Snuff-movies en vetgemeste baby's
Ross en Hellinga zijn grootmeesters in het genre
De terugkeer van Sid Stefan door Gerben Hellinga Uitgever Bert Bakker, 216 p., f 24,90
Donor door Tomas Ross Uitgever Het Spectrum, 219 p., f 24,90
R. Ferdinandusse
Lang geleden was ik aanwezig op zo'n lange gespreksavond, met deskundigen op het podium en lezers in de zaal, waar zoals te verwachten viel zonder resultaat gediscussieerd werd over het verschil tussen literatuur en al die andere genres, als thrillers, detectives, maar ook streekromans en damesromans. Een van de deelnemende lezers, later bleek hij leraar Nederlands, stal mijn hart met één uitroep. Hij constateerde eerst dat Nederlanders veellezers zijn die allerlei genres en soorten boeken uitproberen, maar die tenslotte toch allemaal kiezen voor de echte, door al onze critici gewaarmerkte literatuur, want, zo zei hij met stemverheffing: ‘Het zijn en blijven Nederlanders, ze willen toch allemaal in de hemel eindigen.’
Sindsdien gebruik ik die regel (met bronvermelding) graag als ik weer eens een uitgever tegenkom die klaagt dat het verspreiden van thrillers en detectives zo'n ondankbaar vak is. Het blijft allemaal mondjesmaat.
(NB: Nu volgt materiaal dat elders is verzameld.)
(* Let $n=4$. List the eight tilings, encoded as 0/1 strings indicating membership of $123,124,134,234$ respectively, in the cyclic order (the octahedral wheel) $0000,1000,1100,1110,1111,0111,0011,0001$ (and back to $0000$). Then the maximal (by inclusion) Condorcet super-domains are exactly: (I) the sets of five cyclically consecutive tilings in this cyclic order, and (II) the sets consisting of two distinct pairs $\{T,\Lambda\setminus T\}$, $\{T',\Lambda\setminus T'\}$ of opposite tilings. Moreover, if $\mathbf D$ is a set of one of these two types, then for every finite set $V$ of odd cardinality and every family $(T_v)_{v\in V}$ of tilings in $\mathbf D$, $sm((T_v)_{v\in V})=T_w$ for some $w\in V$.
   Context: Here $n=4$, $\Lambda$ is the set of 3-element subsets $\{123,124,134,234\}$ of $\{1,2,3,4\}$, and a tiling is a subset $T\subseteq\Lambda$ which is an initial or final segment of the sequence $(123,124,134,234)$ (empty set and $\Lambda$ allowed); there are exactly eight tilings. For a finite set $V$ of odd cardinality and tilings $(T_v)_{v\in V}$, $sm((T_v)_{v\in V})$ is the set of triples lying in $T_v$ for more than $|V|/2$ indices $v$. A set $\mathbf D$ of tilings is a Condorcet super-domain if for every finite $V$ of odd cardinality and every family $(T_v)_{v\in V}$ with all $T_v\in\mathbf D$, $sm((T_v)_{v\in V})$ is a tiling. *)

theory Defs
  imports Main
begin

definition t123 :: "nat set" where "t123 = {1,2,3}"
definition t124 :: "nat set" where "t124 = {1,2,4}"
definition t134 :: "nat set" where "t134 = {1,3,4}"
definition t234 :: "nat set" where "t234 = {2,3,4}"

definition triple_seq :: "nat set list" where
  "triple_seq = [t123, t124, t134, t234]"

definition Lambda :: "nat set set" where
  "Lambda = set triple_seq"

definition is_tiling :: "nat set set \<Rightarrow> bool" where
  "is_tiling T \<longleftrightarrow> (\<exists>k\<le>4. T = set (take k triple_seq) \<or> T = set (drop k triple_seq))"

definition sm :: "'v set \<Rightarrow> ('v \<Rightarrow> nat set set) \<Rightarrow> nat set set" where
  "sm V T = {t \<in> Lambda. 2 * card {v \<in> V. t \<in> T v} > card V}"

text \<open>Condorcet super-domain. Finite index sets V are taken inside nat;
  every finite set is in bijection with a finite subset of nat.\<close>
definition condorcet_super_domain :: "nat set set set \<Rightarrow> bool" where
  "condorcet_super_domain D \<longleftrightarrow>
     (\<forall>T\<in>D. is_tiling T) \<and>
     (\<forall>(V::nat set) T. finite V \<and> odd (card V) \<and> (\<forall>v\<in>V. T v \<in> D) \<longrightarrow> is_tiling (sm V T))"

definition maximal_condorcet_super_domain :: "nat set set set \<Rightarrow> bool" where
  "maximal_condorcet_super_domain D \<longleftrightarrow>
     condorcet_super_domain D \<and>
     (\<forall>D'. condorcet_super_domain D' \<and> D \<subseteq> D' \<longrightarrow> D' = D)"

definition wheel_list :: "nat set set list" where
  "wheel_list = [{}, {t123}, {t123, t124}, {t123, t124, t134}, {t123, t124, t134, t234},
                 {t124, t134, t234}, {t134, t234}, {t234}]"

definition wheel :: "nat \<Rightarrow> nat set set" where
  "wheel i = wheel_list ! (i mod 8)"

definition type_I :: "nat set set set \<Rightarrow> bool" where
  "type_I D \<longleftrightarrow> (\<exists>i<8. D = {wheel (i + j) | j. j < 5})"

definition type_II :: "nat set set set \<Rightarrow> bool" where
  "type_II D \<longleftrightarrow> (\<exists>T T'. is_tiling T \<and> is_tiling T' \<and>
      {T, Lambda - T} \<noteq> {T', Lambda - T'} \<and>
      D = {T, Lambda - T} \<union> {T', Lambda - T'})"

end

theory Submission
  imports Defs
begin

text \<open>
  Number the tilings along the wheel, so that every tiling is \<^term>\<open>wheel i\<close>. The triple
  \<^term>\<open>triple_seq ! k\<close> lies exactly in the tilings at positions k+1, ..., k+4 modulo 8: every
  triple is supported on a half of the wheel, and opposite tilings sit at antipodal positions.

  On five consecutive positions each of these supports is an initial or a final segment, so
  the majority of any odd profile is the tiling of a median voter. For a domain made of two
  opposite pairs, two voters with opposite tilings cancel in every majority; after cancelling
  them only one tiling of each pair remains, and two tilings always form such a line as well.

  Conversely, the majority of \<^term>\<open>wheel i\<close>, \<^term>\<open>wheel (i + 2)\<close>, \<^term>\<open>wheel (i + 5)\<close>
  is never a tiling, and the sets of positions avoiding all these triples are exactly the
  subsets of five consecutive positions or of two antipodal pairs. A domain of type (I) has
  five elements and only one opposite pair, a domain of type (II) has four elements, so no
  domain of either type contains another one.
\<close>

section \<open>The octahedral wheel\<close>

lemma less_4_iff: "(j::nat) < 4 \<longleftrightarrow> j = 0 \<or> j = 1 \<or> j = 2 \<or> j = 3"
  by auto

lemma less_5_iff: "(j::nat) < 5 \<longleftrightarrow> j = 0 \<or> j = 1 \<or> j = 2 \<or> j = 3 \<or> j = 4"
  by auto

lemma less_8_iff: "(j::nat) < 8 \<longleftrightarrow> j = 0 \<or> j = 1 \<or> j = 2 \<or> j = 3 \<or> j = 4 \<or> j = 5 \<or> j = 6 \<or> j = 7"
  by auto

lemma triples_distinct: "distinct triple_seq"
proof -
  have "map (sum id) triple_seq = [6, 7, 8, 9]"
    by (simp add: triple_seq_def t123_def t124_def t134_def t234_def)
  then have "distinct (map (sum id) triple_seq)" by simp
  then show ?thesis by (simp add: distinct_map)
qed

lemma triples_neq: "t123 \<noteq> t124" "t123 \<noteq> t134" "t123 \<noteq> t234" "t124 \<noteq> t134" "t124 \<noteq> t234" "t134 \<noteq> t234"
  using triples_distinct by (simp_all add: triple_seq_def)

lemma length_triple_seq [simp]: "length triple_seq = 4"
  by (simp add: triple_seq_def)

lemma Lambda_diff_neq:
  assumes "X \<subseteq> Lambda"
  shows "Lambda - X \<noteq> X"
proof -
  have "Lambda \<noteq> {}" by (simp add: Lambda_def triple_seq_def)
  then show ?thesis using assms by blast
qed

lemma subset_Lambda_eqI:
  assumes "X \<subseteq> Lambda" "Y \<subseteq> Lambda" "\<And>k. k < 4 \<Longrightarrow> triple_seq ! k \<in> X \<longleftrightarrow> triple_seq ! k \<in> Y"
  shows "X = Y"
proof (rule set_eqI)
  fix t
  show "t \<in> X \<longleftrightarrow> t \<in> Y"
  proof (cases "t \<in> Lambda")
    case True
    then obtain k where "k < 4" "t = triple_seq ! k" by (auto simp: Lambda_def in_set_conv_nth)
    then show ?thesis using assms(3) by simp
  next
    case False
    then show ?thesis using assms(1,2) by blast
  qed
qed

lemma wheel_list_membership: "\<forall>r<8. \<forall>k<4. triple_seq ! k \<in> wheel_list ! r \<longleftrightarrow> k < r \<and> r \<le> k + 4"
  using triples_neq by (simp add: All_less_Suc eval_nat_numeral wheel_list_def triple_seq_def eq_commute)

lemma triple_in_wheel:
  assumes "k < 4"
  shows "triple_seq ! k \<in> wheel i \<longleftrightarrow> k < i mod 8 \<and> i mod 8 \<le> k + 4"
  using wheel_list_membership assms by (simp add: wheel_def)

lemma wheel_subset_Lambda: "wheel i \<subseteq> Lambda"
proof -
  have "wheel i \<in> set wheel_list" unfolding wheel_def by (rule nth_mem) (simp add: wheel_list_def)
  then show ?thesis by (auto simp: wheel_list_def Lambda_def triple_seq_def)
qed

lemma wheel_list_distinct: "distinct wheel_list"
proof -
  have "map (\<lambda>X. map (\<lambda>t. t \<in> X) triple_seq) wheel_list =
    [[False, False, False, False], [True, False, False, False], [True, True, False, False],
     [True, True, True, False], [True, True, True, True], [False, True, True, True],
     [False, False, True, True], [False, False, False, True]]"
    using triples_neq by (simp add: wheel_list_def triple_seq_def eq_commute)
  then have "distinct (map (\<lambda>X. map (\<lambda>t. t \<in> X) triple_seq) wheel_list)" by simp
  then show ?thesis by (simp add: distinct_map)
qed

lemma wheel_eq_iff: "wheel i = wheel j \<longleftrightarrow> i mod 8 = j mod 8"
  using nth_eq_iff_index_eq[OF wheel_list_distinct, of "i mod 8" "j mod 8"]
  by (simp add: wheel_def wheel_list_def)

lemma Lambda_diff_wheel: "Lambda - wheel i = wheel (i + 4)"
proof (rule subset_Lambda_eqI)
  fix k :: nat
  assume "k < 4"
  moreover have "(i + 4) mod 8 = (if i mod 8 < 4 then i mod 8 + 4 else i mod 8 - 4)"
    by presburger
  moreover have "i mod 8 < 8" by simp
  ultimately show "triple_seq ! k \<in> Lambda - wheel i \<longleftrightarrow> triple_seq ! k \<in> wheel (i + 4)"
    by (simp add: triple_in_wheel Lambda_def) linarith
qed (auto simp: wheel_subset_Lambda)

lemma tiling_segments:
  assumes "k \<le> 4"
  shows "set (take k triple_seq) = wheel k" "set (drop k triple_seq) = wheel (k + 4)"
proof -
  have "k \<in> {0, 1, 2, 3, 4}" using assms by auto
  then show "set (take k triple_seq) = wheel k" "set (drop k triple_seq) = wheel (k + 4)"
    by (auto simp: triple_seq_def wheel_def wheel_list_def)
qed

lemma is_tiling_iff: "is_tiling X \<longleftrightarrow> (\<exists>i. X = wheel i)"
proof
  assume "\<exists>i. X = wheel i"
  then obtain i where "X = wheel i" by blast
  then have X: "X = wheel (i mod 8)" by (simp add: wheel_eq_iff)
  have "i mod 8 < 8" by simp
  then consider "i mod 8 \<le> 4" | "i mod 8 - 4 \<le> 4" "i mod 8 = i mod 8 - 4 + 4" by linarith
  then show "is_tiling X"
    unfolding is_tiling_def X using tiling_segments by cases metis+
qed (auto simp: is_tiling_def tiling_segments)

lemma mod_4_eq_iff_mod_8: "(a::nat) mod 4 = b mod 4 \<longleftrightarrow> b mod 8 = a mod 8 \<or> b mod 8 = (a + 4) mod 8"
proof -
  have "r mod 4 = s mod 4 \<longleftrightarrow> s = r \<or> s = (r + 4) mod 8" if "r < 8" "s < 8" for r s :: nat
    using that unfolding less_8_iff by (elim disjE) simp_all
  from this[of "a mod 8" "b mod 8"] show ?thesis by (simp add: mod_mod_cancel mod_add_left_eq)
qed

section \<open>Majority on a line\<close>

lemma card_majority_not:
  assumes "finite V" "odd (card V)"
  shows "card V < 2 * card {v\<in>V. \<not> P v} \<longleftrightarrow> \<not> card V < 2 * card {v\<in>V. P v}"
proof -
  have "{v\<in>V. \<not> P v} = V - {v\<in>V. P v}" by blast
  then have "card {v\<in>V. \<not> P v} = card V - card {v\<in>V. P v}"
    using assms(1) by (simp add: card_Diff_subset)
  moreover have "card {v\<in>V. P v} \<le> card V" using assms(1) by (simp add: card_mono)
  moreover have "card V \<noteq> 2 * card {v\<in>V. P v}" using assms(2) by auto
  ultimately show ?thesis by linarith
qed

lemma median_voter:
  fixes f :: "'v \<Rightarrow> nat"
  assumes "finite V" "odd (card V)"
  obtains w where "w \<in> V" "\<And>P. mono P \<Longrightarrow> card V < 2 * card {v\<in>V. P (f v)} \<longleftrightarrow> P (f w)"
proof -
  define upper where "upper k = {v\<in>V. k \<le> f v}" for k
  define m where "m = (GREATEST k. card V < 2 * card (upper k))"
  have maj_0: "card V < 2 * card (upper 0)"
    using assms(2) by (auto simp: upper_def odd_pos)
  have bounded: "k \<le> Max (f ` V)" if "card V < 2 * card (upper k)" for k
  proof (rule ccontr)
    assume "\<not> k \<le> Max (f ` V)"
    moreover have "f v \<le> Max (f ` V)" if "v \<in> V" for v using assms(1) that by simp
    ultimately have "upper k = {}" by (fastforce simp: upper_def)
    then show False using that by simp
  qed
  have maj_m: "card V < 2 * card (upper m)"
    unfolding m_def using maj_0 bounded by (rule GreatestI_nat)
  have "k \<le> m" if "card V < 2 * card (upper k)" for k
    unfolding m_def using that bounded by (rule Greatest_le_nat)
  then have not_maj: "\<not> card V < 2 * card (upper (Suc m))" by fastforce
  then have "upper m \<noteq> upper (Suc m)" using maj_m by auto
  moreover have "upper (Suc m) \<subseteq> upper m" by (auto simp: upper_def)
  ultimately obtain w where "w \<in> upper m - upper (Suc m)" by blast
  then have w: "w \<in> V" "f w = m" by (auto simp: upper_def)
  show thesis
  proof (rule that[OF \<open>w \<in> V\<close>])
    fix P :: "nat \<Rightarrow> bool"
    assume "mono P"
    then have up: "P y" if "P x" "x \<le> y" for x y
      using that by (metis le_boolD monoD)
    show "card V < 2 * card {v\<in>V. P (f v)} \<longleftrightarrow> P (f w)"
    proof (cases "P m")
      case True
      then have "upper m \<subseteq> {v\<in>V. P (f v)}" using up by (auto simp: upper_def)
      then have "card (upper m) \<le> card {v\<in>V. P (f v)}" using assms(1) by (simp add: card_mono)
      then show ?thesis using maj_m True w(2) by simp
    next
      case False
      then have "{v\<in>V. P (f v)} \<subseteq> upper (Suc m)"
        using up by (force simp: upper_def not_less_eq_eq[symmetric])
      then have "card {v\<in>V. P (f v)} \<le> card (upper (Suc m))"
        using assms(1) by (simp add: card_mono upper_def)
      then show ?thesis using not_maj False w(2) by simp
    qed
  qed
qed

lemma sm_eq_median_on_line:
  fixes L :: "nat \<Rightarrow> nat set set" and f :: "'v \<Rightarrow> nat"
  assumes "finite V" "odd (card V)" "\<forall>v\<in>V. T v = L (f v)" "\<And>p. L p \<subseteq> Lambda"
    and monotone: "\<And>t. t \<in> Lambda \<Longrightarrow> mono (\<lambda>p. t \<in> L p) \<or> antimono (\<lambda>p. t \<in> L p)"
  shows "\<exists>w\<in>V. sm V T = T w"
proof -
  obtain w where "w \<in> V"
    and median: "\<And>P. mono P \<Longrightarrow> card V < 2 * card {v\<in>V. P (f v)} \<longleftrightarrow> P (f w)"
    using median_voter[OF assms(1,2)] by blast
  have "t \<in> sm V T \<longleftrightarrow> t \<in> L (f w)" if "t \<in> Lambda" for t
  proof -
    have "{v\<in>V. t \<in> T v} = {v\<in>V. t \<in> L (f v)}" using assms(3) by auto
    moreover have "card V < 2 * card {v\<in>V. t \<in> L (f v)} \<longleftrightarrow> t \<in> L (f w)"
      using monotone[OF that]
    proof
      assume "mono (\<lambda>p. t \<in> L p)"
      then show ?thesis using median by blast
    next
      assume "antimono (\<lambda>p. t \<in> L p)"
      then have "mono (\<lambda>p. t \<notin> L p)" unfolding monotone_def le_bool_def by blast
      then show ?thesis
        using median[of "\<lambda>p. t \<notin> L p"] card_majority_not[OF assms(1,2)] by simp
    qed
    ultimately show ?thesis using that by (simp add: sm_def)
  qed
  then have "sm V T = L (f w)" using assms(4) by (auto simp: sm_def)
  then show ?thesis using \<open>w \<in> V\<close> assms(3) by auto
qed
Schrijvers van literatuur, althans een representatief deel daarvan, komen feestelijk terecht bij Adriaan van Dis en ook nog wel bij Sonja of bij Jan Lenferink, en vaak gaat dan de kassa tikken. Maar de jaarlijkse uitreiking van de prijs voorde beste Nederlandse thriller (f 10001, -, plus een verguld stukje draad voorstellende De gouden strop) bracht het niet verder dan TV3, een programma dat drie weken later ook nog eens uitvoerig zijn afscheid uit de ether moest vieren en dat dan ook geen rimpel in de best-sellerslijsten teweegbracht.
Dat is jammer (maar ook niet meer dan dat) want die Gouden strop heeft in zijn korte bestaan toch waardige winnaars gehad. De eerste was Jef Geeraerts, maar hij is een geval apart, in Vlaanderen bestaat juist veel bijval voor zijn kundige, technisch zeer-researchste thrillers. De tweede Strop ging naar Tomas Ross en de derde werd vorige maand overhandigd aan Gerben Hellinga.
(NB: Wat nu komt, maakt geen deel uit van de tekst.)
lemma mat_tr_E0_block_swap:
  assumes i: "1 \<le> i" "i \<le> d"
  shows "mat_tr (E0 * (Es (i - 1) * A * Es i)) = mat_tr (E0 * (Es i * A * Es (i - 1)))"
proof -
  let ?P = "mat_sum (Suc d) Es [0..<i]" and ?Q = "mat_sum (Suc d) Es [i..<Suc d]"
  have P: "?P \<in> carrier_mat (Suc d) (Suc d)" and Q: "?Q \<in> carrier_mat (Suc d) (Suc d)"
    by (auto intro: mat_sum_carrier)
  have lower: "[0..<i] = [0..<i - 1] @ (i - 1) # []"
    using i by (cases i) (simp_all add: upt_Suc)
  have upper: "[i..<Suc d] = [] @ i # [Suc i..<Suc d]"
    using i by (simp add: upt_conv_Cons)
  have PAQ: "?P * A * ?Q = Es (i - 1) * A * Es i"
  proof -
    have "?P * A * ?Q
        = mat_sum (Suc d) (\<lambda>j. mat_sum (Suc d) (\<lambda>l. Es j * A * Es l) [i..<Suc d]) [0..<i]"
      using i by (intro Es_block_mult) auto
    also have "\<dots> = mat_sum (Suc d) (\<lambda>l. Es (i - 1) * A * Es l) [i..<Suc d]"
      unfolding lower using i
      by (subst mat_sum_single) (auto intro!: mat_sum_carrier mat_sum_zero tridiagonal)
    also have "\<dots> = Es (i - 1) * A * Es i"
      unfolding upper using i by (subst mat_sum_single) (auto intro: tridiagonal)
    finally show ?thesis .
  qed
  have QAP: "?Q * A * ?P = Es i * A * Es (i - 1)"
  proof -
    have "?Q * A * ?P
        = mat_sum (Suc d) (\<lambda>j. mat_sum (Suc d) (\<lambda>l. Es j * A * Es l) [0..<i]) [i..<Suc d]"
      using i by (intro Es_block_mult) auto
    also have "\<dots> = mat_sum (Suc d) (\<lambda>l. Es i * A * Es l) [0..<i]"
      unfolding upper using i
      by (subst mat_sum_single) (auto intro!: mat_sum_carrier mat_sum_zero tridiagonal)
    also have "\<dots> = Es i * A * Es (i - 1)"
      unfolding lower using i by (subst mat_sum_single) (auto intro: tridiagonal)
    finally show ?thesis .
  qed
  have "?P + ?Q = 1\<^sub>m (Suc d)"
    using i Es_sum upt_add_eq_append[of 0 i "Suc d - i"] by (simp add: mat_sum_append)
  then show ?thesis
    using mat_tr_complement_swap[OF A_carrier primal.E_carrier P Q primal.E_commute] PAQ QAP by simp
qed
Hellinga gold lange tijd als een cultschrijver: in 1966 en 1967 verrijkte hij de letterkunde, onder het pseudoniem Hellinger, met een paar uiterst luchtig geschreven, goed gecomponeerde actieromans, onder voor die tijd ongewone titels (Dollars, Messen en Vlammen). Zijn held, een ongedurige Nederlandse jongen, heette Sid Stefan. Boeken die regelmatig werden herdrukt en hun weg vonden naar een stil groepje liefhebbers. In 1985, na veel omzwervingen en veel schrijven voor toneel, beleefde Hellinga zijn come back in de misdaadwereld. Merg en been is een verhaal over een kleine crimineel, Jos de Spin, die zich op krukken door het Amsterdamse coke-paradijs voortbeweegt. Op een gegeven dag vindt hij naast zich in bed een onbekend lijk en in zijn geheugen een zwart gat. De plot is spannend, het verhaal zit vol mooie en soms amusante scènes, vol prachtige personages (Coca Inez), terwijl ook de Amsterdamse hond een stem heeft (‘Als alle honden een beetje meer zelfdiscipline haddden zou het in de wereld een stuk beter toegaan’). Maar wat vooral opvalt is het moeiteloze meesterschap over de taal, van alle voelbare rottigheid in het kook-wereldje (‘Het begon te sneeuwen van binnen en de wereld was zo piesvoel’) klopt Hellinga een luchtig, transparant maar doeltreffend beslag.
Gerben Hellinga
fran van der hoeven
Na dat boek is Hellinga teruggekeerd naar Sid Stefan. Volgens de eerste berichten zou het, in navolging van die vroegere titels Kisten gaan heten, maar het werd, naar bleek, De terugkeer van Sid Stefan. Dat zal wel bedoeld zijn als signaal aan de lezers van toen, aan de incrowd, aan de critici, maar voor de lezers die nu pas aan Hellinga beginnen is het ongetwijfeld meer een raadsel: welke terugkeer dan?
De vroegere Stefans waren de avonturen van een ‘harde non-conformist, die van geld, vrouwen en mooie pakken houdt’ en ze ontleenden hun charme aan het feit dat ondanks alle romantiek, heftige actie en alle halve knipogen naar de lezer, Hellinga met beide benen op de grond bleef. Er zijn zat auteurs die in zulke gevallen met zo'n held en met zoveel fantasie het contact met de realiteit op aarde verliezen, dat zijn de Ludlums en daar zijn er veel van, zij stijgen met hun onzin en hun bankrekening steeds hoger. In De terugkeer ontloopt Hellinga dat Ludlum-procédé met meesterlijke precisie. Ik heb tientallen thrillers gelezen waarbij de plot draaide om snuff-movies, porno dus die eindigt met de dood. Altijd wordt daarbij gebruik gemaakt van een aanzienlijke dosis suggestie, zowel in dreiging, angst of afschuw. Bij Hellinga wordt het exact omschreven, met alle maten en gewichten, het geeft de hele intrige zin. Zelfs als het verzonnen is, en het ís verzonnen, is het waar. Sid Stefan heeft nog de laconieke toon van vroeger, maar de romantiek is verdwenen: hij doet nu gewoon zijn werk. In het begin naar mijn gevoel zelfs te voorzichtig, alsof hij niet op gang kan komen. En zijn verhouding met Jonneke, die hij dag en nacht moet opbellen alsof hij rondreizend vertegenwoordiger is, begon me al gauw de keel uit te hangen, en juist met háár weet Hellinga, om die gevoelens te straffen, nog een ongekend, en tamelijk spannend slot aan het verhaal te maken. Het nonconformisme is er voor een groot deel af, maar het is ingeruild voor een effectief en vooral plezierig (want het is spannend en amusant) conformisme aan het intelligentere thrillergenre.